Although it doesn’t sound like it, Tightsqueeze’s name originated from old-school acts of chivalry. In 1870, as the area developed, a general store was built close enough to the highway that women could step straight from their carriages to the store without getting muddy or dusty on the dirt road. When a blacksmith built his shop directly across the road, he did the same thing. The original general store owner was not pleased, but the narrow passing between the buildings remained, and word spread that wagons would have to slow down for the tight squeeze.
Unfortunately, Vader didn’t get its name from eager Star Wars fans. The Washington town of 700 people, originally called Little Falls and then Sopenah, was named in 1913 for German immigrant and Civil War veteran Martin Vader. The intention was to provide a name that stood out along the Northern Pacific Railway Company’s corridor. According to historical records, Vader was, for some reason, so offended by the use of his name that he picked up and moved to Florida.
West Virginia: Pie
It seems too good to be true that a town called Pie would in fact be named after the classic dessert, but that’s just the case with this West Virginia community. In a 1945 book on the history of the state’s place names, the town’s then-postmaster said that the area was named for Leander Blankenship, a resident "who really like[d] pie, regardless of kind." And who could blame him?

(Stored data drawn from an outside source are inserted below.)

lemma Qa_sup_iff_Qa_oc_cover:
  "(\<forall>a b :: 'a. Qa a \<union> Qa b = Qa (sup a b)) \<longleftrightarrow> (\<forall>a. Qa a \<union> Qa (oc a) = Qpts)"
proof
  assume "\<forall>a b :: 'a. Qa a \<union> Qa b = Qa (sup a b)"
  then show "\<forall>a. Qa a \<union> Qa (oc a) = Qpts"
    using Qa_oc_cover_if_Qa_sup by blast
next
  assume "\<forall>a. Qa a \<union> Qa (oc a) = Qpts"
  then show "\<forall>a b :: 'a. Qa a \<union> Qa b = Qa (sup a b)"
    using Qa_sup_if_Qa_oc_cover by blast
qed

lemma clopen_eq_Qa_if_Qa_sup:
  assumes Qa_sup: "\<forall>a b :: 'a. Qa a \<union> Qa b = Qa (sup a b)"
    and U: "openin stone_spectrum U" "closedin stone_spectrum U"
  shows "\<exists>a :: 'a. U = Qa a"
proof -
  define V where "V = Qpts - U"
  have V: "openin stone_spectrum V" and "U \<subseteq> Qpts"
    using U(2) by (auto simp: V_def closedin_def topspace_stone_spectrum)
  define S where "S = {sup a b | a b. Qa a \<subseteq> U \<and> Qa b \<subseteq> V}"
  have "Qa bot \<subseteq> U" "Qa bot \<subseteq> V"
    by (simp_all add: Qa_bot)
  have "top \<in> S"
  proof (rule top_mem_if_Qa_cover)
    have "sup bot bot \<in> S"
      unfolding S_def using \<open>Qa bot \<subseteq> U\<close> \<open>Qa bot \<subseteq> V\<close> by blast
    then show "S \<noteq> {}"
      by blast
  next
    show "\<forall>s\<in>S. \<forall>t\<in>S. sup s t \<in> S"
    proof (intro ballI)
      fix s t assume "s \<in> S" "t \<in> S"
      then obtain a b a' b' where ab: "s = sup a b" "t = sup a' b'"
        "Qa a \<subseteq> U" "Qa b \<subseteq> V" "Qa a' \<subseteq> U" "Qa b' \<subseteq> V"
        by (auto simp: S_def)
      then have "sup s t = sup (sup a a') (sup b b')"
        by (simp add: ac_simps)
      moreover have "Qa (sup a a') = Qa a \<union> Qa a'" "Qa (sup b b') = Qa b \<union> Qa b'"
        using Qa_sup by simp_all
      then have "Qa (sup a a') \<subseteq> U" "Qa (sup b b') \<subseteq> V"
        using ab by auto
      ultimately show "sup s t \<in> S"
        unfolding S_def by blast
    qed
  next
    show "Qpts \<subseteq> (\<Union>s\<in>S. Qa s)"
    proof
      fix B :: "'a set" assume "B \<in> Qpts"
      then consider "B \<in> U" | "B \<in> V"
        by (auto simp: V_def)
      then show "B \<in> (\<Union>s\<in>S. Qa s)"
      proof cases
        case 1
        then obtain a where "B \<in> Qa a" "Qa a \<subseteq> U"
          using U(1) by (auto simp: openin_stone_spectrum_iff)
        moreover have "sup a bot \<in> S"
          unfolding S_def using \<open>Qa a \<subseteq> U\<close> \<open>Qa bot \<subseteq> V\<close> by blast
        ultimately show ?thesis
          by (metis UN_iff sup_bot_right)
      next
        case 2
        then obtain b where "B \<in> Qa b" "Qa b \<subseteq> V"
          using V by (auto simp: openin_stone_spectrum_iff)
        moreover have "sup bot b \<in> S"
          unfolding S_def using \<open>Qa bot \<subseteq> U\<close> \<open>Qa b \<subseteq> V\<close> by blast
        ultimately show ?thesis
          by (metis UN_iff sup_bot_left)
      qed
    qed
  qed
  then obtain a b where "top = sup a b" "Qa a \<subseteq> U" "Qa b \<subseteq> V"
    unfolding S_def by blast
  then have "Qa a \<union> Qa b = Qa top"
    using Qa_sup by simp
  then have "Qpts = Qa a \<union> Qa b"
    by (simp add: Qa_top)
  then have "U = Qa a"
    using \<open>U \<subseteq> Qpts\<close> \<open>Qa a \<subseteq> U\<close> \<open>Qa b \<subseteq> V\<close> by (auto simp: V_def)
  then show ?thesis ..
qed
(* Let $\sigma_{naive}$ be naive semantics. For every two argumentation frameworks $AF=(AR,Attacks)$, $AF'=(AR',Attacks')$ with $AF\preceq_N AF'$ and every $E\in\sigma_{naive}(AF)$, there exists $E'\in\sigma_{naive}(AF')$ with $E'\not\subseteq AR$ or $E'=E$.
   Context: An argumentation framework is a pair $(AR,Attacks)$ with $AR$ a finite set and $Attacks\subseteq AR\times AR$; $a$ attacks $b$ iff $(a,b)\in Attacks$. A set $S\subseteq AR$ is conflict-free iff no element of $S$ attacks an element of $S$. $\sigma_{naive}(AF)$ is the set of all $\subseteq$-maximal conflict-free subsets of $AR$. $AF\preceq_N AF'$ (normal expansion) iff $AR\subseteq AR'$, $Attacks\subseteq Attacks'$ and no $(a,b)\in Attacks'\setminus Attacks$ has both $a,b\in AR$. *)

theory Defs
  imports Main
begin

type_synonym 'a af = "'a set \<times> ('a \<times> 'a) set"

definition is_af :: "'a af \<Rightarrow> bool" where
  "is_af AF \<longleftrightarrow> finite (fst AF) \<and> snd AF \<subseteq> fst AF \<times> fst AF"

definition conflict_free :: "'a af \<Rightarrow> 'a set \<Rightarrow> bool" where
  "conflict_free AF S \<longleftrightarrow> S \<subseteq> fst AF \<and> (\<forall>a\<in>S. \<forall>b\<in>S. (a, b) \<notin> snd AF)"

definition naive :: "'a af \<Rightarrow> 'a set set" where
  "naive AF = {S. conflict_free AF S \<and> (\<forall>T. conflict_free AF T \<and> S \<subseteq> T \<longrightarrow> T = S)}"

definition normal_expansion :: "'a af \<Rightarrow> 'a af \<Rightarrow> bool" where
  "normal_expansion AF AF' \<longleftrightarrow>
     fst AF \<subseteq> fst AF' \<and> snd AF \<subseteq> snd AF' \<and>
     (\<forall>(a, b) \<in> snd AF' - snd AF. \<not> (a \<in> fst AF \<and> b \<in> fst AF))"

end

theory Submission
  imports Defs
begin

text \<open>Extend E to a naive extension E' of AF'. If E' stays inside AR, then no new attack
  can lie inside E', so E' is conflict-free already in AF, and maximality of E forces E' = E.\<close>

lemma conflict_free_normal_expansion_iff:
  assumes "normal_expansion AF AF'" and "S \<subseteq> fst AF"
  shows "conflict_free AF' S \<longleftrightarrow> conflict_free AF S"
  using assms unfolding normal_expansion_def conflict_free_def by blast

lemma conflict_free_subset_naive:
  assumes "finite (fst AF)" and "conflict_free AF S"
  obtains E where "E \<in> naive AF" and "S \<subseteq> E"
proof -
  have "finite {T. conflict_free AF T}"
    using assms(1) by (rule finite_subset[rotated, OF finite_Pow_iff[THEN iffD2]])
      (auto simp: conflict_free_def)
  then obtain E where "conflict_free AF E" "S \<subseteq> E"
    and "\<forall>T \<in> {T. conflict_free AF T}. E \<subseteq> T \<longrightarrow> E = T"
    using finite_has_maximal2 assms(2) by (metis mem_Collect_eq)
  then show thesis
    using that unfolding naive_def by blast
qed

theorem proposition36:
  fixes AF AF' :: "'a af" and E :: "'a set"
  assumes "is_af AF" and "is_af AF'"
    and "normal_expansion AF AF'"
    and "E \<in> naive AF"
  shows "\<exists>E' \<in> naive AF'. \<not> E' \<subseteq> fst AF \<or> E' = E"
proof -
  have E_cf: "conflict_free AF E" and E_max: "\<And>T. conflict_free AF T \<Longrightarrow> E \<subseteq> T \<Longrightarrow> T = E"
    using assms(4) by (auto simp: naive_def)
  have "E \<subseteq> fst AF"
    using E_cf by (simp add: conflict_free_def)
  then have "conflict_free AF' E"
    using E_cf assms(3) by (simp add: conflict_free_normal_expansion_iff)
  moreover have "finite (fst AF')"
    using assms(2) by (simp add: is_af_def)
  ultimately obtain E' where E': "E' \<in> naive AF'" "E \<subseteq> E'"
    using conflict_free_subset_naive by blast
  have "E' = E" if "E' \<subseteq> fst AF"
  proof (rule E_max)
    show "conflict_free AF E'"
      using E'(1) that assms(3) by (simp add: naive_def conflict_free_normal_expansion_iff)
  qed (fact E'(2))
  then show ?thesis
    using E'(1) by blast
qed

end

This Wisconsin town has nothing to be ashamed about. The peculiar name actually derives from a French translation meaning “obstruct” or “impede.” The town is situated on the Embarrass River, and lumberjacks and travelers in the area frequently used it for canoeing, but logs and other debris often created jams and obstructions in the waterways, leading to its name.
It may sound like a suggestion to stay hydrated, but the origin of the name Chugwater, while not entirely known, most likely comes from the Native American Mandan tribe. Legend has it that cliffs in the area were used for buffalo jumps — a hunting method in which buffalo herds were forced over the edge — and, when they fell in the waters below, a “chug” sound could be heard. (We’ll stick to the hydration advice instead!)